# Googlebot



## BIGNUMPT (Aug 31, 2006)

Hello everybody,

How often does the googly robot beast visit a site 

If it visited at the month end does it return a month later or is it totally random 

Many thanks


----------



## vivi (Aug 2, 2006)

It depends.
If your PR(page rank) is higher, it will visit your site per week,even per 3 days.
Our company new sites was built 2 weeks ago, now it was recorded 20 pages by Google, very fast if you find the right way.

PS: The Yahoo, Msn seems a little slower, our sites was only recorded 2 pages by Yahoo, one page by MSN. Need some patience.


----------



## Xenyo (Jun 9, 2006)

As Vivi said , it really depends on the inbound links to your site. I have sites that get bombarded by Google on a daily basis.


----------



## kentphoto (Jan 16, 2006)

Check the schedule by using this service for your site:

https://www.google.com/accounts/Ser.../webmasters/sitemaps/siteoverview?hl=en&hl=en


----------



## Ujudgnme2 (Mar 28, 2006)

BIGNUMPT said:


> Hello everybody,
> 
> How often does the googly robot beast visit a site
> 
> ...


 
Excuse my ignorance, what does the google bot do?


----------



## Rodney (Nov 3, 2004)

> Excuse my ignorance, what does the google bot do?


It basically searches the web and follows links on existing websites to find new webpages to index and add to the Google search engine database.


----------



## L00T (Feb 8, 2007)

What I often see is that as soon as your site is indexed by Googlebot it tries to come back for indexing at least once a day (in combo with the image bot).
You can control this proces with meta tags or making a robots.txt file.


----------



## badalou (Mar 19, 2006)

2 things you need to get indexed by a googlebot is content and linkage. Make sure you home page content contains enough words that sum up what your site is a bout and what people may search for. Example is my cat site.. when people search "pedigree cats" they will find my cat site in the top 5 of 2,000,000. I have numerous links on other sites of people who raise pedigree cats and I use the word pedigree in my content as well as meta files. So the googlebot spiders like me.


----------



## Useless (Feb 16, 2007)

Though those friendly SE bot visits can depend on a number of factors, you can add a couple of metatags in the <head> of your pages to help bring them back and tell them that "yes, I want this page indexed."

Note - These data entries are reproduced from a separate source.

lemma Var_power: "Var i ^ k = single (single i k) 1"
proof (induction k)
  case (Suc k)
  have "Var i ^ Suc k = single (single i 1 + single i k) 1"
    by (simp only: power_Suc Suc) (simp add: Var_def mult_single)
  also have "single i 1 + single i k = single i (Suc k)"
    by (simp add: single_add[symmetric])
  finally show ?case .
qed simp

lemma prod_single_one: "(\<Prod>i\<in>S. single (f i) (1::real)) = single (\<Sum>i\<in>S. f i) 1"
  by (induction S rule: infinite_finite_induct) (simp_all add: mult_single)

lemma mon_val_Var: "mon_val Var a = single a 1"
proof -
  have "mon_val Var a = (\<Prod>i\<in>keys a. single (single i (lookup a i)) (1::real))"
    by (simp add: mon_val_def Var_power)
  also have "\<dots> = single (\<Sum>i\<in>keys a. single i (lookup a i)) 1"
    by (simp add: prod_single_one)
  also have "(\<Sum>i\<in>keys a. single i (lookup a i)) = a"
    by (rule poly_mapping_sum_single) auto
  finally show ?thesis .
qed

lemma psubst_Var_Const: "psubst Var Const p = p"
  by (simp add: psubst_def mon_val_Var sum_Const_mult_single)

lemma vars_in_add: "vars_in n p \<Longrightarrow> vars_in n q \<Longrightarrow> vars_in n (p + q)"
  unfolding vars_in_def using keys_add[of p q] by blast

lemma vars_in_mult: "vars_in n p \<Longrightarrow> vars_in n q \<Longrightarrow> vars_in n (p * q)"
  unfolding vars_in_def using keys_mult[of p q] by (force simp: keys_add_mon)

lemma vars_in_0 [simp]: "vars_in n 0"
  by (simp add: vars_in_def)

lemma vars_in_1 [simp]: "vars_in n 1"
  by (simp add: vars_in_def)

lemma vars_in_Const [simp]: "vars_in n (Const c)"
  by (simp add: vars_in_def Const_def)

lemma vars_in_Var: "i < n \<Longrightarrow> vars_in n (Var i)"
  by (simp add: vars_in_def Var_def)

lemma vars_in_uminus [simp]: "vars_in n (- p) = vars_in n p"
  by (simp add: vars_in_def keys_minus)

lemma vars_in_sum: "(\<And>a. a \<in> A \<Longrightarrow> vars_in n (p a)) \<Longrightarrow> vars_in n (\<Sum>a\<in>A. p a)"
  by (induction A rule: infinite_finite_induct) (simp_all add: vars_in_add)

lemma vars_in_prod: "(\<And>a. a \<in> A \<Longrightarrow> vars_in n (p a)) \<Longrightarrow> vars_in n (\<Prod>a\<in>A. p a)"
  by (induction A rule: infinite_finite_induct) (simp_all add: vars_in_mult)

lemma vars_in_power: "vars_in n p \<Longrightarrow> vars_in n (p ^ k)"
  by (induction k) (simp_all add: vars_in_mult)

lemma vars_in_subset: "vars_in n p \<Longrightarrow> keys q \<subseteq> keys p \<Longrightarrow> vars_in n q"
  unfolding vars_in_def by blast

lemma vars_in_psubst:
  assumes "vars_in N p" "\<And>i. i < N \<Longrightarrow> vars_in n (F i)"
  shows "vars_in n (psubst F Const p)"
  unfolding psubst_def mon_val_def using assms(1)
  by (intro vars_in_sum vars_in_mult vars_in_Const vars_in_prod vars_in_power assms(2))
     (auto simp: vars_in_def)

lemma vars_in_lin_subst:
  assumes "vars_in m g"
  shows "vars_in n (lin_subst n A g)"
proof -
  have "lin_subst n A g = psubst (\<lambda>i. \<Sum>k<n. Const (A i k) * Var k) Const g"
    by (simp add: lin_subst_def psubst_def mon_val_def)
  also have "vars_in n \<dots>"
    using assms by (intro vars_in_psubst[of m] vars_in_sum vars_in_mult vars_in_Const vars_in_Var) auto
  finally show ?thesis .
qed

lemma pdeg_le_iff: "pdeg p \<le> d \<longleftrightarrow> (\<forall>a\<in>keys p. mdeg a \<le> d)"
  by (simp add: pdeg_def)

lemma pdeg_add_le: "pdeg p \<le> d \<Longrightarrow> pdeg q \<le> d \<Longrightarrow> pdeg (p + q) \<le> d"
  unfolding pdeg_le_iff using keys_add[of p q] by blast

lemma pdeg_mult_le: "pdeg p \<le> d \<Longrightarrow> pdeg q \<le> e \<Longrightarrow> pdeg (p * q) \<le> d + e"
  unfolding pdeg_le_iff using keys_mult[of p q] by (force simp: mdeg_add intro: add_mono)

lemma pdeg_0 [simp]: "pdeg 0 = 0"
  by (simp add: pdeg_def)

lemma pdeg_1 [simp]: "pdeg 1 = 0"
  by (simp add: pdeg_def)

lemma pdeg_Const [simp]: "pdeg (Const c) = 0"
  by (simp add: pdeg_def Const_def)

lemma pdeg_Var_le: "pdeg (Var i) \<le> 1"
  by (simp add: pdeg_le_iff Var_def)

lemma pdeg_uminus [simp]: "pdeg (- p) = pdeg p"
  by (simp add: pdeg_def keys_minus)

lemma pdeg_sum_le: "(\<And>a. a \<in> A \<Longrightarrow> pdeg (p a) \<le> d) \<Longrightarrow> pdeg (\<Sum>a\<in>A. p a) \<le> d"
  by (induction A rule: infinite_finite_induct) (simp_all add: pdeg_add_le)

lemma pdeg_prod_le:
  "(\<And>a. a \<in> A \<Longrightarrow> pdeg (p a) \<le> d a) \<Longrightarrow> pdeg (\<Prod>a\<in>A. p a) \<le> (\<Sum>a\<in>A. d a)"
  by (induction A rule: infinite_finite_induct) (simp_all add: pdeg_mult_le)

lemma pdeg_power_le: "pdeg p \<le> d \<Longrightarrow> pdeg (p ^ k) \<le> k * d"
  by (induction k) (simp_all add: pdeg_mult_le)

lemma pdeg_subset_le: "pdeg p \<le> d \<Longrightarrow> keys q \<subseteq> keys p \<Longrightarrow> pdeg q \<le> d"
  unfolding pdeg_le_iff by blast

lemma pdeg_psubst_le:
  assumes "pdeg p \<le> d" "\<And>i. pdeg (F i) \<le> 1"
  shows "pdeg (psubst F Const p) \<le> d"
  unfolding psubst_def
proof (intro pdeg_sum_le)
  fix a assume a: "a \<in> keys p"
  have "pdeg (Const (lookup p a) * mon_val F a) \<le> 0 + mdeg a"
    unfolding mon_val_def mdeg_def
    by (intro pdeg_mult_le pdeg_prod_le) (simp_all add: pdeg_power_le[OF assms(2), simplified])
  then show "pdeg (Const (lookup p a) * mon_val F a) \<le> d"
    using assms(1) a by (fastforce simp: pdeg_le_iff)
qed

lemma keys_subset_Nk: "vars_in n q \<Longrightarrow> pdeg q \<le> k \<Longrightarrow> keys q \<subseteq> Nk n k"
  by (auto simp: vars_in_def pdeg_le_iff Nk_def)

lemma pd_single: "pd i (single a c) = single (a - single i 1) (c * of_nat (lookup a i))"
  by (cases "c = 0") (simp_all add: pd_def)

lemma lookup_pd: "lookup (pd i p) b = lookup p (b + single i 1) * of_nat (lookup b i + 1)"
proof -
  have "lookup (pd i p) b =
      (\<Sum>a\<in>keys p. if a = b + single i 1 then lookup p a * of_nat (lookup b i + 1) else 0)"
    unfolding pd_def lookup_sum
  proof (intro sum.cong refl)
    fix a
    show "lookup (single (a - single i 1) (lookup p a * of_nat (lookup a i))) b =
      (if a = b + single i 1 then lookup p a * of_nat (lookup b i + 1) else 0)"
    proof (cases "i \<in> keys a")
      case False
      then have "a \<noteq> b + single i 1" by (auto simp: lookup_add in_keys_iff)
      with False show ?thesis by (simp add: lookup_single in_keys_iff)
    next
      case True
      then show ?thesis using mon_minus_single_eq_iff[OF True, of b]
        by (auto simp: lookup_single when_def lookup_add)
    qed
  qed
  also have "\<dots> = lookup p (b + single i 1) * of_nat (lookup b i + 1)"
    by (auto simp: in_keys_iff)
  finally show ?thesis .
qed

lemma pd_add: "pd i (p + q) = pd i p + pd i q"
  by (intro poly_mapping_eqI) (simp add: lookup_pd lookup_add distrib_right)

lemma pd_0 [simp]: "pd i 0 = 0"
  by (simp add: pd_def)

lemma pd_sum: "pd i (\<Sum>a\<in>A. p a) = (\<Sum>a\<in>A. pd i (p a))"
  by (induction A rule: infinite_finite_induct) (simp_all add: pd_add)

lemma pd_Const_mult: "pd i (Const c * p) = Const c * pd i p"
  by (intro poly_mapping_eqI) (simp add: lookup_pd lookup_Const_mult)

lemma pd_Const [simp]: "pd i (Const c) = 0"
  by (simp add: Const_def pd_single)

lemma pd_1 [simp]: "pd i 1 = 0"
  using pd_Const[of i 1] by simp

lemma pd_Var: "pd i (Var j) = (if i = j then 1 else 0)"
  by (simp add: Var_def pd_single lookup_single when_def)

lemma pd_mult_single:
  "pd i (single a c * single b d) = pd i (single a c) * single b d + single a c * pd i (single b d)"
proof -
  have left: "single (a + b - single i 1) (c * d * of_nat (lookup a i)) =
      single (a - single i 1 + b) (c * of_nat (lookup a i) * d)"
  proof (cases "lookup a i = 0")
    case False
    then have "a + b - single i 1 = a - single i 1 + b"
      by (intro poly_mapping_eqI) (auto simp add: lookup_add lookup_minus lookup_single when_def)
    then show ?thesis by (simp add: mult_ac)
  qed simp
  have right: "single (a + b - single i 1) (c * d * of_nat (lookup b i)) =
      single (a + (b - single i 1)) (c * (d * of_nat (lookup b i)))"
  proof (cases "lookup b i = 0")
    case False
    then have "a + b - single i 1 = a + (b - single i 1)"
      by (intro poly_mapping_eqI) (auto simp add: lookup_add lookup_minus lookup_single when_def)
    then show ?thesis by (simp add: mult_ac)
  qed simp
  have "pd i (single a c * single b d) =
      single (a + b - single i 1) (c * d * of_nat (lookup a i)) +
      single (a + b - single i 1) (c * d * of_nat (lookup b i))"
    by (simp add: mult_single pd_single lookup_add single_add[symmetric] distrib_left)
  also have "\<dots> = pd i (single a c) * single b d + single a c * pd i (single b d)"
    by (simp only: left right) (simp add: pd_single mult_single)
  finally show ?thesis .
qed

lemma pd_mult: "pd i (p * q) = pd i p * q + p * pd i q"
proof -
  let ?P = "\<lambda>a. single a (lookup p a)" and ?Q = "\<lambda>b. single b (lookup q b)"
  have P: "p = (\<Sum>a\<in>keys p. ?P a)" and Q: "q = (\<Sum>b\<in>keys q. ?Q b)"
    by (simp_all add: poly_mapping_sum_single)
  have "pd i (p * q) = (\<Sum>a\<in>keys p. \<Sum>b\<in>keys q. pd i (?P a * ?Q b))"
    by (subst P, subst Q) (simp add: sum_product pd_sum)
  also have "\<dots> = (\<Sum>a\<in>keys p. \<Sum>b\<in>keys q. pd i (?P a) * ?Q b) + (\<Sum>a\<in>keys p. \<Sum>b\<in>keys q. ?P a * pd i (?Q b))"
    by (simp add: pd_mult_single sum.distrib)
  also have "\<dots> = pd i p * q + p * pd i q"
    by (subst (3 4) P, subst (3 4) Q) (simp add: sum_product pd_sum)
  finally show ?thesis .
qed

definition shift :: "(nat \<Rightarrow> real) \<Rightarrow> mpoly \<Rightarrow> mpoly" where
  "shift c p = psubst (\<lambda>j. Var j + Const (c j)) Const p"

lemma shift_add: "shift c (p + q) = shift c p + shift c q"
  by (simp add: shift_def psubst_add is_ring_hom_Const)

lemma shift_mult: "shift c (p * q) = shift c p * shift c q"
  by (simp add: shift_def psubst_mult is_ring_hom_Const)

lemma shift_sum: "shift c (\<Sum>a\<in>A. p a) = (\<Sum>a\<in>A. shift c (p a))"
  by (simp add: shift_def psubst_sum is_ring_hom_Const)

lemma shift_Const [simp]: "shift c (Const a) = Const a"
  by (simp add: shift_def psubst_Const is_ring_hom_Const)

lemma shift_1 [simp]: "shift c 1 = 1"
  by (simp add: shift_def psubst_one is_ring_hom_Const)

lemma shift_0 [simp]: "shift c 0 = 0"
  by (simp add: shift_def)

lemma shift_Var: "shift c (Var j) = Var j + Const (c j)"
  by (simp add: shift_def psubst_Var is_ring_hom_Const)

lemma shift_shift_uminus: "shift (\<lambda>j. - c j) (shift c p) = p"
proof -
  have "shift (\<lambda>j. - c j) (shift c p) = psubst (\<lambda>j. shift (\<lambda>j. - c j) (Var j + Const (c j))) Const p"
    unfolding shift_def by (rule psubst_psubst[OF is_ring_hom_Const])
  also have "(\<lambda>j. shift (\<lambda>j. - c j) (Var j + Const (c j))) = Var"
    by (rule ext) (simp add: shift_add shift_Var Const_add[symmetric])
  finally show ?thesis by (simp add: psubst_Var_Const)
qed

<meta name="robots" content="Index, Follow" />
<meta name="revisit-after" content="7 Days" />

The first tells the bot that you want the page indexed. That doesn't mean that it will be. That's up the SE. If the page is deemed worthy, it is going to indexed unless you change Index to NoIndex. Obvioulsy, don't need that tag in order to be indexed. (Most metatags are antiquated and all but ignored by the big SEs these days.)

The second pretty much tells the bot that you update your page every so many days and that you'd like them to drop by again during that time period to see your changes.

Now, where your pages appear in the search results is dependent on content, inbound links, and sometimes the age of your site. Write good, original keyword-rich text and name your images with keywords/phrases that appear on that particular page. Search engine marketing requires patience. The changes you make today will not pop you up higher in the results quickly. With time and tweaking, you'll get there.


----------



## Chris (Sep 19, 2005)

I must've done something right.. Rodney, how often do you get bots on this forum? Yahoo, MSN and Google are on mine 24/7.


----------